Docs » µAPM Deployment Guide » Smart Gateway cluster operations

Smart Gateway cluster operations 🔗

Graceful instance shutdown 🔗

To avoid data loss, Smart Gateway instances should be gracefully terminated by sending the process a SIGTERM signal and waiting for the process to terminate. Upon receipt of this signal, the Smart Gateway implements a graceful shutdown procedure that ensures it correctly drains its incoming connections and buffers, and transfers to the rest of the cluster any in-flight trace spans that still need to be analyzed.

Performing a rolling restart or upgrade 🔗

Important

When deploying a Smart Gateway cluster, instances with different major versions cannot be running in the same cluster, so it’s not possible to do a rolling upgrade to a new major version. You will need to completely stop the cluster and re-deploy it with the new version.

You can restart and upgrade Smart Gateway clusters with no downtime by performing a rolling restart of the Smart Gateway instances. The safest approach to performing a rolling restart is to restart one instance at a time, waiting for the new process to join the cluster and reach steady state before moving on to the next instance. When restarting an instance within an existing established cluster, you should never use the seed cluster operation.

Follow the steps below to perform rolling restart or upgrade of a Smart Gateway cluster:

  • Identify a node to restart or upgrade.
  • Gracefully shut down the identified node by sending a SIGTERM signal to the Smart Gateway process.
  • Wait for the process to gracefully terminate.
  • Start the new replacement process; ensure that you use either a join or client cluster operation based on your desired cluster topology.
  • Wait for the process to start (HTTP requests to /healthz on the listener port should return 200 OK).

Performing an instance replacement 🔗

Small-scale, embedded Etcd clusters 🔗

When replacing an instance, or often when restarting an instance in a containerized environment, it is likely that the new instance will not have the same IP address as the instance it replaces. As cluster members’ IP addresses are embedded into the configuration’s TargetClusterAddresses field, it is important to understand the implications of replacing an instance.

Because the cluster members primarily learn about each other through Etcd, it is not required for the TargetClusterAddresses to be an always up-to-date and accurate list of the other members’ IP addresses. This list is only used when a Smart Gateway instance starts up and connects to an established cluster; once connected, all other coordination and cluster membership information is performed through Etcd. Therefore, the absolute minimum requirement for the TargetClusterAddresses list is that at least one of those IP addresses is a valid and active cluster instance that can be reached to establish this connection.

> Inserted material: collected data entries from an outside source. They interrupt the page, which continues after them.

(* Let $s\in\mathbb{C}$. If the integral converges, then \[ \psi(s)=\int_0^1\!\!\int_0^1\frac{(xy)^{s-1}-y}{(1-xy)\log(xy)}\,dx\,dy, \] where $\psi=\Gamma'/\Gamma$ is the digamma function. *)

theory Defs
  imports "HOL-Analysis.Analysis"
begin

end

theory Submission
  imports Defs "HOL-Real_Asymp.Real_Asymp"
begin

(* Put u = x y. Since (1 - u^N) / ((1 - u) ln u) = (\<Sum>n<N. u^n) / ln u, multiplying the integrand
   by 1 - (x y)^N splits it into two absolutely integrable pieces. The substitution u = x y turns
   the double integral of h(y) f(x y) over the unit square into the integral of w(u) f(u) over
   [0, 1], with weight w(u) = integral of h(y)/y over [u, 1]. With h = 1 (so w = -ln u) the first
   piece becomes -\<Sum>n<N 1/(s + n); with h = y (so w = 1 - u) the second becomes the Frullani-type
   integral of (1 - u^N)/ln u, which is -ln (N + 1). Their difference ln (N + 1) - \<Sum>n<N 1/(s + n)
   tends to the digamma function, while the remaining part, (x y)^N times the integrand, vanishes in
   the limit by dominated convergence. Integrability forces Re s > 0: for N = 1 the first piece has
   the absolute integral of u^(Re s - 1) over [0, 1]. *)

section \<open>The substitution u = x y on the unit square\<close>

lemma nn_integral_unit_interval_scale:
  fixes g :: "real \<Rightarrow> ennreal"
  assumes [measurable]: "g \<in> borel_measurable borel" and "0 < y"
  shows "(\<integral>\<^sup>+x. indicator {0..1} x * g (x * y) \<partial>lborel)
       = ennreal (1 / y) * (\<integral>\<^sup>+u. indicator {0..y} u * g u \<partial>lborel)"
proof -
  have "(\<integral>\<^sup>+u. indicator {0..y} u * g u \<partial>lborel)
       = ennreal y * (\<integral>\<^sup>+x. indicator {0..y} (0 + y * x) * g (0 + y * x) \<partial>lborel)"
    using \<open>0 < y\<close> nn_integral_real_affine[of "\<lambda>u. indicator {0..y} u * g u" y 0] by simp
  also have "(\<integral>\<^sup>+x. indicator {0..y} (0 + y * x) * g (0 + y * x) \<partial>lborel)
      = (\<integral>\<^sup>+x. indicator {0..1} x * g (x * y) \<partial>lborel)"
    using \<open>0 < y\<close> by (intro nn_integral_cong) (auto simp: indicator_def mult.commute zero_le_mult_iff)
  finally show ?thesis
    using \<open>0 < y\<close> by (simp add: mult.assoc[symmetric] flip: ennreal_mult)
qed

lemma nn_integral_unit_square_subst:
  fixes g :: "real \<Rightarrow> ennreal" and h w :: "real \<Rightarrow> real"
  assumes [measurable]: "g \<in> borel_measurable borel" "h \<in> borel_measurable borel"
    and weight: "\<And>u. 0 < u \<Longrightarrow> u \<le> 1 \<Longrightarrow>
      (\<integral>\<^sup>+y. indicator {u..1} y * ennreal (h y / y) \<partial>lborel) = ennreal (w u)"
  shows "(\<integral>\<^sup>+p. indicator ({0..1} \<times> {0..1}) p * ennreal (h (snd p)) * g (fst p * snd p) \<partial>lborel)
       = (\<integral>\<^sup>+u. indicator {0..1} u * ennreal (w u) * g u \<partial>lborel)"
proof -
  \<comment> \<open>the integrand after substituting u = x y in the inner integral\<close>
  define K where "K u y = ennreal (of_bool (0 < y \<and> y \<le> 1 \<and> 0 \<le> u \<and> u \<le> y) * (h y / y)) * g u"
    for u y :: real
  have inner_x: "(\<integral>\<^sup>+x. indicator ({0..1} \<times> {0..1}) (x, y) * ennreal (h y) * g (x * y) \<partial>lborel)
      = (\<integral>\<^sup>+u. K u y \<partial>lborel)" if "y \<noteq> 0" for y
  proof (cases "0 < y \<and> y \<le> 1")
    case True
    have "(\<integral>\<^sup>+x. indicator ({0..1} \<times> {0..1}) (x, y) * ennreal (h y) * g (x * y) \<partial>lborel)
        = ennreal (h y) * (\<integral>\<^sup>+x. indicator {0..1} x * g (x * y) \<partial>lborel)"
      using True by (subst nn_integral_cmult[symmetric]) (auto intro!: nn_integral_cong simp: indicator_def)
    also have "\<dots> = ennreal (h y / y) * (\<integral>\<^sup>+u. indicator {0..y} u * g u \<partial>lborel)"
      using True by (simp add: nn_integral_unit_interval_scale mult.assoc divide_inverse
          ennreal_mult'' flip: inverse_eq_divide)
    also have "\<dots> = (\<integral>\<^sup>+u. K u y \<partial>lborel)"
      using True by (subst nn_integral_cmult[symmetric]) (auto intro!: nn_integral_cong simp: K_def indicator_def)
    finally show ?thesis .
  qed (use that in \<open>auto simp: K_def indicator_def\<close>)
  have inner_y: "(\<integral>\<^sup>+y. K u y \<partial>lborel) = indicator {0..1} u * ennreal (w u) * g u"
    if "u \<noteq> 0" for u
  proof (cases "0 < u \<and> u \<le> 1")
    case True
    have "(\<integral>\<^sup>+y. K u y \<partial>lborel) = (\<integral>\<^sup>+y. indicator {u..1} y * ennreal (h y / y) * g u \<partial>lborel)"
      using True by (intro nn_integral_cong) (auto simp: K_def indicator_def)
    also have "\<dots> = ennreal (w u) * g u"
      using True by (subst nn_integral_multc) (auto simp: weight)
    finally show ?thesis using True by simp
  next
    case False
    with that have "K u y = 0" for y by (auto simp: K_def)
    with False that show ?thesis by (auto simp: indicator_def)
  qed
  have "(\<integral>\<^sup>+p. indicator ({0..1} \<times> {0..1}) p * ennreal (h (snd p)) * g (fst p * snd p) \<partial>lborel)
      = (\<integral>\<^sup>+y. \<integral>\<^sup>+x. indicator ({0..1} \<times> {0..1}) (x, y) * ennreal (h y) * g (x * y) \<partial>lborel \<partial>lborel)"
    by (simp add: lborel_prod[symmetric]) (subst lborel_pair.nn_integral_snd[symmetric]; simp)
  also have "\<dots> = (\<integral>\<^sup>+y. \<integral>\<^sup>+u. K u y \<partial>lborel \<partial>lborel)"
    using AE_lborel_singleton[of 0] by (intro nn_integral_cong_AE) (auto elim!: eventually_mono simp: inner_x)
  also have "\<dots> = (\<integral>\<^sup>+u. \<integral>\<^sup>+y. K u y \<partial>lborel \<partial>lborel)"
    unfolding K_def by (rule lborel_pair.Fubini') measurable
  also have "\<dots> = (\<integral>\<^sup>+u. indicator {0..1} u * ennreal (w u) * g u \<partial>lborel)"
    using AE_lborel_singleton[of 0] by (intro nn_integral_cong_AE) (auto elim!: eventually_mono simp: inner_y)
  finally show ?thesis .
qed

lemma has_bochner_integral_unit_square_subst_nonneg:
  fixes q h w :: "real \<Rightarrow> real"
  assumes [measurable]: "q \<in> borel_measurable borel" "h \<in> borel_measurable borel" "w \<in> borel_measurable borel"
    and q_nonneg: "\<And>u. 0 \<le> q u"
    and h_nonneg: "\<And>y. 0 \<le> y \<Longrightarrow> y \<le> 1 \<Longrightarrow> 0 \<le> h y"
    and w_nonneg: "\<And>u. 0 \<le> u \<Longrightarrow> u \<le> 1 \<Longrightarrow> 0 \<le> w u"
    and weight: "\<And>u. 0 < u \<Longrightarrow> u \<le> 1 \<Longrightarrow>
      (\<integral>\<^sup>+y. indicator {u..1} y * ennreal (h y / y) \<partial>lborel) = ennreal (w u)"
    and I: "has_bochner_integral lborel (\<lambda>u. indicator {0..1} u * (w u * q u)) I"
  shows "has_bochner_integral lborel
           (\<lambda>p. indicator ({0..1} \<times> {0..1}) p * (h (snd p) * q (fst p * snd p))) I"
proof (rule has_bochner_integral_nn_integral)
  let ?F = "\<lambda>u. indicator {0..1} u * (w u * q u)"
  have F_nonneg: "0 \<le> ?F u" for u
    using w_nonneg q_nonneg by (auto simp: indicator_def)
  have int: "integrable lborel ?F" and I_eq: "integral\<^sup>L lborel ?F = I"
    using I by (auto simp: has_bochner_integral_iff)
  show "0 \<le> I"
    using I_eq integral_nonneg_AE[of ?F] F_nonneg by auto
  have "(\<integral>\<^sup>+p. ennreal (indicator ({0..1} \<times> {0..1}) p * (h (snd p) * q (fst p * snd p))) \<partial>lborel)
      = (\<integral>\<^sup>+p. indicator ({0..1} \<times> {0..1}) p * ennreal (h (snd p)) * ennreal (q (fst p * snd p))
          \<partial>lborel)"
    using h_nonneg q_nonneg by (intro nn_integral_cong) (auto simp: indicator_def ennreal_mult)
  also have "\<dots> = (\<integral>\<^sup>+u. indicator {0..1} u * ennreal (w u) * ennreal (q u) \<partial>lborel)"
    by (rule nn_integral_unit_square_subst) (simp_all add: weight)
  also have "\<dots> = (\<integral>\<^sup>+u. ennreal (?F u) \<partial>lborel)"
    using w_nonneg q_nonneg by (intro nn_integral_cong) (auto simp: indicator_def ennreal_mult)
  also have "\<dots> = ennreal I"
    using nn_integral_eq_integral[OF int] F_nonneg I_eq by simp
  finally show "(\<integral>\<^sup>+p. ennreal (indicator ({0..1} \<times> {0..1}) p * (h (snd p) * q (fst p * snd p))) \<partial>lborel)
      = ennreal I" .
  show "(\<lambda>p::real \<times> real. indicator ({0..1} \<times> {0..1}) p * (h (snd p) * q (fst p * snd p)))
      \<in> borel_measurable lborel"
    unfolding measurable_lborel2 borel_prod[symmetric] by measurable
  show "AE p in lborel. 0 \<le> indicator ({0..1} \<times> {0..1}) p * (h (snd p) * q (fst p * snd p))"
    using h_nonneg q_nonneg by (auto simp: indicator_def)
qed

lemma has_bochner_integral_unit_square_subst_real:
  fixes q h w :: "real \<Rightarrow> real"
  assumes [measurable]: "q \<in> borel_measurable borel" "h \<in> borel_measurable borel" "w \<in> borel_measurable borel"
    and h_nonneg: "\<And>y. 0 \<le> y \<Longrightarrow> y \<le> 1 \<Longrightarrow> 0 \<le> h y"
    and w_nonneg: "\<And>u. 0 \<le> u \<Longrightarrow> u \<le> 1 \<Longrightarrow> 0 \<le> w u"
    and weight: "\<And>u. 0 < u \<Longrightarrow> u \<le> 1 \<Longrightarrow>
      (\<integral>\<^sup>+y. indicator {u..1} y * ennreal (h y / y) \<partial>lborel) = ennreal (w u)"
    and I: "has_bochner_integral lborel (\<lambda>u. indicator {0..1} u * (w u * q u)) I"
  shows "has_bochner_integral lborel
           (\<lambda>p. indicator ({0..1} \<times> {0..1}) p * (h (snd p) * q (fst p * snd p))) I"
proof -
  let ?F = "\<lambda>u. indicator {0..1} u * (w u * q u)"
  let ?P = "\<lambda>q u. indicator {0..1} u * (w u * max (q u) 0)"
  have int: "integrable lborel ?F" and I_eq: "integral\<^sup>L lborel ?F = I"
    using I by (auto simp: has_bochner_integral_iff)
  have "?P q u = max (?F u) 0 \<and> ?P (\<lambda>u. - q u) u = max (- ?F u) 0" for u
    using w_nonneg[of u]
    by (cases "0 \<le> u \<and> u \<le> 1") (auto simp: indicator_def max_def mult_le_0_iff zero_le_mult_iff)
  then have parts: "?P q = (\<lambda>u. max (?F u) 0)" "?P (\<lambda>u. - q u) = (\<lambda>u. max (- ?F u) 0)"
    by auto
  have int_parts: "integrable lborel (?P q)" "integrable lborel (?P (\<lambda>u. - q u))"
    unfolding parts using int by (auto intro: integrable_max)
  have "has_bochner_integral lborel
      (\<lambda>p. indicator ({0..1} \<times> {0..1}) p * (h (snd p) * max (q (fst p * snd p)) 0)
         - indicator ({0..1} \<times> {0..1}) p * (h (snd p) * max (- q (fst p * snd p)) 0))
      (integral\<^sup>L lborel (?P q) - integral\<^sup>L lborel (?P (\<lambda>u. - q u)))"
    using int_parts
    by (intro has_bochner_integral_diff
        has_bochner_integral_unit_square_subst_nonneg[OF _ _ _ _ h_nonneg w_nonneg weight])
       (auto simp: has_bochner_integral_iff)
  also have "integral\<^sup>L lborel (?P q) - integral\<^sup>L lborel (?P (\<lambda>u. - q u)) = I"
    unfolding I_eq[symmetric] Bochner_Integration.integral_diff[OF int_parts, symmetric]
    by (intro Bochner_Integration.integral_cong) (auto simp: max_def algebra_simps)
  finally show ?thesis
    by (rule has_bochner_integral_cong[OF refl _ refl, THEN iffD1, rotated]) (auto simp: max_def algebra_simps)
qed

lemma has_bochner_integral_unit_square_subst:
  fixes f :: "real \<Rightarrow> complex" and h w :: "real \<Rightarrow> real"
  assumes [measurable]: "f \<in> borel_measurable borel" "h \<in> borel_measurable borel" "w \<in> borel_measurable borel"
    and h_nonneg: "\<And>y. 0 \<le> y \<Longrightarrow> y \<le> 1 \<Longrightarrow> 0 \<le> h y"
    and w_nonneg: "\<And>u. 0 \<le> u \<Longrightarrow> u \<le> 1 \<Longrightarrow> 0 \<le> w u"
    and weight: "\<And>u. 0 < u \<Longrightarrow> u \<le> 1 \<Longrightarrow>
      (\<integral>\<^sup>+y. indicator {u..1} y * ennreal (h y / y) \<partial>lborel) = ennreal (w u)"
    and I: "has_bochner_integral lborel (\<lambda>u. indicator {0..1} u *\<^sub>R (w u *\<^sub>R f u)) I"
  shows "has_bochner_integral lborel
           (\<lambda>p. indicator ({0..1} \<times> {0..1}) p *\<^sub>R (h (snd p) *\<^sub>R f (fst p * snd p))) I"
proof -
  have "has_bochner_integral lborel
      (\<lambda>p. indicator ({0..1} \<times> {0..1}) p * (h (snd p) * Re (f (fst p * snd p)))) (Re I)"
    using has_bochner_integral_Re[OF I]
    by (intro has_bochner_integral_unit_square_subst_real[OF _ _ _ h_nonneg w_nonneg weight])
       (auto simp: mult.assoc)
  moreover have "has_bochner_integral lborel
      (\<lambda>p. indicator ({0..1} \<times> {0..1}) p * (h (snd p) * Im (f (fst p * snd p)))) (Im I)"
    using has_bochner_integral_Im[OF I]
    by (intro has_bochner_integral_unit_square_subst_real[OF _ _ _ h_nonneg w_nonneg weight])
       (auto simp: mult.assoc)
  ultimately have "has_bochner_integral lborel
      (\<lambda>p. of_real (indicator ({0..1} \<times> {0..1}) p * (h (snd p) * Re (f (fst p * snd p))))
         + \<i> * of_real (indicator ({0..1} \<times> {0..1}) p * (h (snd p) * Im (f (fst p * snd p)))))
      (of_real (Re I) + \<i> * of_real (Im I))"
    by (intro has_bochner_integral_add has_bochner_integral_mult_right has_bochner_integral_of_real)
  moreover have "(\<lambda>p. of_real (indicator ({0..1} \<times> {0..1}) p * (h (snd p) * Re (f (fst p * snd p))))
         + \<i> * of_real (indicator ({0..1} \<times> {0..1}) p * (h (snd p) * Im (f (fst p * snd p)))))
      = (\<lambda>p. indicator ({0..1} \<times> {0..1}) p *\<^sub>R (h (snd p) *\<^sub>R f (fst p * snd p)))"
    by (auto simp: fun_eq_iff complex_eq_iff)
  moreover have "of_real (Re I) + \<i> * of_real (Im I) = I"
    by (simp add: complex_eq_iff)
  ultimately show ?thesis by (simp only:)
qed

When replacing an instance, it is therefore not necessary to reconfigure and restart the rest of the cluster to make it aware of this new instance, as this discovery will happen through Etcd for all instances. The TargetClusterAddresses list might of course become stale in long-running instances. If the cluster has changed significantly since the last restart, we recommend that you refresh this part of the configuration with an up-to-date list before (re)starting a Smart Gateway process.

High-scale, external Etcd clusters 🔗

For high-scale clusters that leverage a distinct, standalone Etcd cluster, the replacement of a Smart Gateway instance does not require any specific reconfiguration or orchestration. Deploy and configure a new Smart Gateway instance as described in High-Scale Smart Gateway clusters and start it when ready.